DE4338824A1 - Method and device for pulse-wise metering of additives into a line of a consumer - Google Patents

Description

The invention relates to a method for pulse-wise Adding additives to a line of a Ver according to the preamble of claim 1 and a device for carrying out the method.

Since the introduction of catalytic converter technology in the automotive industry lead-containing additives, such as lead tetraethyl, can not More can be used. The catalyst is on the Ver use of unleaded fuel. To Ge certain functions in the engine and be Certain fuel properties are as additive He been developed, for. For example, organic sodium salt compounds. These must be in certain minimum concentrations in the fuel.

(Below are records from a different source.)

definition indiv_routable :: "nat set set \<Rightarrow> (nat \<Rightarrow> nat) \<Rightarrow> nat set \<Rightarrow> bool" where
  "indiv_routable E \<pi> C \<longleftrightarrow>
     (\<exists>ms. length ms \<le> 2 \<and> (\<forall>M\<in>set ms. matching {e\<in>E. e \<subseteq> C} M)
           \<and> (\<forall>i\<in>C. route ms i = \<pi> i))"

definition mutually_routable :: "nat set set \<Rightarrow> (nat \<Rightarrow> nat) \<Rightarrow> nat set \<Rightarrow> nat set \<Rightarrow> bool" where
  "mutually_routable E \<pi> C1 C2 \<longleftrightarrow>
     (\<exists>ms. length ms \<le> 2
           \<and> (\<forall>M\<in>set ms. matching {e\<in>E. \<exists>a\<in>C1. \<exists>b\<in>C2. e = {a, b}} M)
           \<and> (\<forall>i\<in>C1 \<union> C2. route ms i = \<pi> i))"

definition perfect_matching_loops ::
  "'a set \<Rightarrow> ('a \<Rightarrow> 'a \<Rightarrow> bool) \<Rightarrow> ('a \<Rightarrow> bool) \<Rightarrow> bool" where
  "perfect_matching_loops V adj loop \<longleftrightarrow>
     (\<exists>M. M \<subseteq> {{a, b} | a b. a \<in> V \<and> b \<in> V \<and> a \<noteq> b \<and> adj a b} \<union> {{a} | a. a \<in> V \<and> loop a}
          \<and> (\<forall>v\<in>V. \<exists>!e. e \<in> M \<and> v \<in> e))"

end

theory Submission
  imports Defs "HOL-Combinatorics.Orbits"
begin

text \<open>A routing in two steps is a pair of matchings \<open>A, B\<close>, i.e.\ of involutions
  \<open>s = swap_of A\<close> and \<open>t = swap_of B\<close> with \<open>\<pi> = t \<circ> s\<close>. Then \<open>s \<circ> \<pi> \<circ> s = s \<circ> t = \<pi>\<inverse>\<close>,
  so \<open>s\<close> maps every cycle of \<open>\<pi>\<close> onto a cycle of \<open>\<pi>\<close>, and \<open>C \<mapsto> s ` C\<close> is an involution
  on the cycles. Restricting \<open>A\<close> and \<open>B\<close> to the edges between \<open>C\<close> and \<open>s ` C\<close> routes
  these two cycles mutually (individually if \<open>s ` C = C\<close>), so the pairs \<open>{C, s ` C}\<close> form
  a perfect matching of \<open>G_{cycle(\<pi>)}\<close>. Conversely, the two-step routings of the parts of
  such a perfect matching live on pairwise disjoint vertex sets, so their matchings can be
  united into two matchings of \<open>G\<close> routing \<open>\<pi>\<close>. Connectivity is needed only to know that
  \<open>\<pi>\<close> can be routed at all, so that \<open>rt\<close> is attained.\<close>

lemma matching_disjoint:
  "matching F M \<Longrightarrow> e1 \<in> M \<Longrightarrow> e2 \<in> M \<Longrightarrow> e1 \<noteq> e2 \<Longrightarrow> e1 \<inter> e2 = {}"
  unfolding matching_def by blast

If the Additives are supplied to a fuel tank result within the tank local concentration  fluctuations, thereby ensuring compliance with the minimum requirements tration is no longer guaranteed.

The invention is based on the object, a method for pulsed metering of additives into one To specify the direction of a consumer with whom sicherge is that the supplied to the consumer Flüs always the required minimum concentration Contains additive.

The solution of this task is inventively with the features specified in claim 1.

In the method according to the invention, the current Behavior of the consumer thereby festge provides that the number of characteristic Betriebszu measured within a calculation interval becomes. Depending on the operation thus measured then the pulse interval of the metering pulses will behave each set a predetermined amount of the additive injected into the line of the consumer becomes.

Preferably, the inventive method is used for Adding additives to the fuel line of a Vehicle. In this case can be considered more characteristic Operating state evaluated the start of the vehicle with the frequency of starting, i. H. of Increasing the speed from zero to determined becomes. The volume of the added amount of active ingredient can while driving according to the current operation behave, and possibly taking into account the driving type of calculation. Preferably, the Metering of the active substance into the fuel line,  which leads to the engine. A dosage in the force Return line is also possible and technically easier to implement, if you have that there due to the resulting concentration fluctuations of the Ad additives in the fuel, caused by difference Liche filling levels of the fuel tank, accepted.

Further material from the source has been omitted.